I haven’t read any of Augusten Burroughs’ work. (Tell me where to begin if you have!) But I ran across a passage of his on Instagram, and it blew me away. He says, “Nothing you build on inaccuracy or mere hope or longing or lies or laws that oppose the nature of things can endure.” That is a statement of fact. How many times in our lives do we do this? We can build something on inaccuracy, and it can chug along for awhile, but it cannot endure. This is why people can drive expensive cars and file for bankruptcy soon after. Why you get shocking news of someone’s divorce when they appeared to be happy only a few months ago. Why friendships don’t stand the test of time when you don’t have all that much in common to begin with. It is why someone with a beautiful social media feed is often pretty unhappy in reality. The gig is always up eventually. That is not a truth we can change. It’s a universal law.

He also explains, “Whenever I have encountered a block or an issue in my own life it’s because somewhere, hidden in my life, is an inaccuracy and I have to find it.

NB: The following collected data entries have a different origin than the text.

(* Let $d\ge2$, $p\in[0,1]$, and let $N_\infty$ be the number of infinite connected components of the hole graph $G(\omega)$. If $1\le k<\infty$ and $P_p(N_\infty=k)=1$, then $k=1$.
   Context: A face is a $(d-1)$-dimensional elementary cube in $\mathbb{R}^d$ (a product of intervals $[l,l]$ or $[l,l+1]$, $l\in\mathbb{Z}$, with exactly one degenerate factor). In face percolation with parameter $p$ each face is open independently with probability $p$ (measure $P_p$); $K(\omega)$ is the union of open faces. The hole graph $G(\omega)$ has as vertices the holes, i.e. the bounded connected components of $\mathbb{R}^d\setminus K(\omega)$ (obtained as the limit $\bigcup_n G^n$ of the graphs of bounded components of $\mathbb{R}^d\setminus(K(\omega)\cap[-n,n]^d)$), two holes adjacent iff some face lies in the boundary of both. *)

theory Defs
  imports "HOL-Probability.Probability"
begin

text \<open>A face is indexed by its lower corner v in Z^d and its degenerate coordinate i:
  it is the product of [v_i,v_i] in coordinate i and [v_j,v_j+1] in every other coordinate j.\<close>

type_synonym 'n face = "(int ^ 'n) \<times> 'n"

definition face_set :: "'n::finite face \<Rightarrow> (real ^ 'n) set" where
  "face_set F = (let v = fst F; i = snd F in
     {x. x $ i = of_int (v $ i) \<and>
         (\<forall>j. j \<noteq> i \<longrightarrow> of_int (v $ j) \<le> x $ j \<and> x $ j \<le> of_int (v $ j) + 1)})"

definition face_perc :: "real \<Rightarrow> ('n::finite face \<Rightarrow> bool) measure" where
  "face_perc p = PiM UNIV (\<lambda>_. measure_pmf (bernoulli_pmf p))"

definition Kset :: "('n::finite face \<Rightarrow> bool) \<Rightarrow> (real ^ 'n) set" where
  "Kset \<omega> = (\<Union>F\<in>{F. \<omega> F}. face_set F)"

definition holes :: "('n::finite face \<Rightarrow> bool) \<Rightarrow> (real ^ 'n) set set" where
  "holes \<omega> = {H. \<exists>x. x \<notin> Kset \<omega> \<and> H = connected_component_set (- Kset \<omega>) x \<and> bounded H}"

definition hole_edges :: "('n::finite face \<Rightarrow> bool) \<Rightarrow> ((real ^ 'n) set \<times> (real ^ 'n) set) set" where
  "hole_edges \<omega> = {(H1, H2). H1 \<in> holes \<omega> \<and> H2 \<in> holes \<omega> \<and> H1 \<noteq> H2 \<and>
      (\<exists>F. face_set F \<subseteq> frontier H1 \<and> face_set F \<subseteq> frontier H2)}"

definition hole_components :: "('n::finite face \<Rightarrow> bool) \<Rightarrow> (real ^ 'n) set set set" where
  "hole_components \<omega> = holes \<omega> // ((hole_edges \<omega>)\<^sup>*)"

definition N_inf :: "('n::finite face \<Rightarrow> bool) \<Rightarrow> enat" where
  "N_inf \<omega> = (let S = {C \<in> hole_components \<omega>. infinite C} in
                if finite S then enat (card S) else \<infinity>)"

end

theory Submission
  imports Defs
begin

text \<open>Suppose \<open>N\<^sub>\<infinity> = k\<close> almost surely with \<open>1 \<le> k < \<infinity>\<close> and fix a typical configuration \<open>\<omega>\<close>.
  Its finitely many infinite hole components all meet some box \<open>[-n, n]\<^sup>d\<close>.  For \<open>p > 0\<close> the
  face percolation measure is insertion tolerant, so opening the finitely many faces inside the box
  again gives \<open>N\<^sub>\<infinity> = k\<close> almost surely.  In the opened configuration the unit cubes of the box are
  holes, any two of them are joined through neighbouring cubes, and every infinite component of
  the new hole graph contains one of them: a component avoiding them consists of holes of \<open>\<omega>\<close>
  lying outside the box and is closed under adjacency in \<open>\<omega>\<close>, so it would be an infinite
  component of the hole graph of \<open>\<omega>\<close> missing the box.  Hence \<open>k \<le> 1\<close>.  For \<open>p = 0\<close> no face
  is open, there are no holes and \<open>N\<^sub>\<infinity> = 0\<close>.  The argument works in every dimension.\<close>

lemma dist_vec_nth_less: "dist x y < r \<Longrightarrow> \<bar>x $ j - y $ j\<bar> < (r::real)"
  using dist_vec_nth_le[of x j y] by (simp add: dist_real_def)

lemma closed_segment_vec_nth_const:
  assumes "p \<in> closed_segment a b" "a $ l = b $ l"
  shows "p $ l = (a $ l :: real)"
proof -
  obtain u where "p = (1 - u) *\<^sub>R a + u *\<^sub>R b" using assms(1) by (auto simp: in_segment)
  then have "p $ l = (1 - u) * a $ l + u * b $ l" by simp
  also have "\<dots> = a $ l" using assms(2) by (simp add: algebra_simps)
  finally show ?thesis .
qed

lemma subset_frontier_open: "open H \<Longrightarrow> S \<subseteq> closure H \<Longrightarrow> S \<inter> H = {} \<Longrightarrow> S \<subseteq> frontier H"
  by (auto simp: frontier_def interior_open)

lemma connected_component_subset_of_frontier_disjoint:
  assumes "frontier T \<inter> S = {}" "x \<in> T"
  shows "connected_component_set S x \<subseteq> T"
proof (rule ccontr)
  let ?C = "connected_component_set S x"
  assume "\<not> ?C \<subseteq> T"
  then have "x \<in> S" by (metis connected_component_eq_empty empty_subsetI)
  then have "x \<in> ?C \<inter> T" using assms(2) by (simp add: connected_component_refl)
  then have "?C \<inter> frontier T \<noteq> {}"
    using connected_Int_frontier[of ?C T] \<open>\<not> ?C \<subseteq> T\<close> by blast
  then show False using assms(1) connected_component_subset by blast
qed

lemma component_closure_meets_removed_closed_set:
  fixes S B :: "'a::real_normed_vector set"
  assumes "open S" "closed B" "z \<in> S - B" "connected_component_set S z \<inter> B \<noteq> {}"
  obtains x where "x \<in> connected_component_set S z" "x \<in> B" "x \<in> closure (connected_component_set (S - B) z)"
proof -
  let ?U = "connected_component_set S z" and ?V = "connected_component_set (S - B) z"
  have "?V \<subseteq> ?U" by (rule connected_component_mono) blast
  moreover have "z \<in> ?V" using assms(3) by (simp add: connected_component_refl)
  moreover have "?V \<inter> B = {}" using connected_component_subset[of "S - B" z] by blast
  ultimately have "?U \<inter> ?V \<noteq> {}" "?U - ?V \<noteq> {}" using assms(4) by blast+
  then have "?U \<inter> frontier ?V \<noteq> {}"
    by (rule connected_Int_frontier[OF connected_connected_component])
  then obtain x where x: "x \<in> ?U" "x \<in> frontier ?V" by blast
  have "frontier ?V \<subseteq> frontier S \<union> frontier B"
    using frontier_of_connected_component_subset[of "S - B" z] frontier_Int_subset[of S "- B"]
    by (simp add: Diff_eq)
  moreover have "x \<notin> frontier S"
    using x(1) connected_component_subset[of S z] assms(1) frontier_disjoint_eq by blast
  ultimately have "x \<in> B" using x(2) assms(2) frontier_subset_closed by blast
  then show thesis using that x frontier_def by blast
qed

There’s an inaccuracy of the marriage, of the life I’ve built…being a little bit dishonest here and there created a disaster. When I think about all the times I’ve screwed up it was because there was a lie somewhere in my life.” That’s a pretty sobering thought. These lies are not always things that we tell others; in fact, I’d say it’s more likely that they are things we tell ourselves.

I tell my students that writing is like an excavation. You have to chip away at all the layers sometimes until you get to what you really think, what you really want to say. That’s where you strike gold.

Truth is the same way. It is not as subjective as our culture likes to think it is. If someone shows you who they are, you can add a thousand stories to it to explain it away, but what is the truth? Just the facts ma’am. What do their actions show you about who they are? That is the simple truth. If you have patterns in your life that keep reintroducing themselves again and again. What are you doing to create it? One long look in the mirror and all the hard questions. That’s where the excavation starts.

This is hard stuff, but the other side of that coin is that there are some beautiful truths that we can’t deny either.

What I know is true ……

That good things come to those who work hard.

That the life you create is made of a million tiny moments, the things you do every single day.

That patience is a virtue and you will always get better results when you respect the hands of time and withstand the urge to chase something shiny and temporary

That gratitude multiplies on itself and brings you abundance

That lasting happiness is built of your own hands inside of your own self

 

I think what I know to be true above everything else is that life always gives you what you want. Always. Not like some genie in a bottle delivering us our wishes on command. But what you pay attention to grows and grows. Maybe where we go wrong is that, with all of the other layers we throw on top of it, we lose that pulse of what we really desire, and we want something else instead. Then that thing comes true and we are left with unhappiness anyhow because we chased the wrong thing.

These are hard questions. But where you find the inaccuracies is also where you can follow that path to the truth. You find it, you ask for it, you work for it, and it will come to be. This I know is true. As sure as the earth travels around the sun, as sure as the seasons pass, what you desire will come to you. The challenge is to want the right things.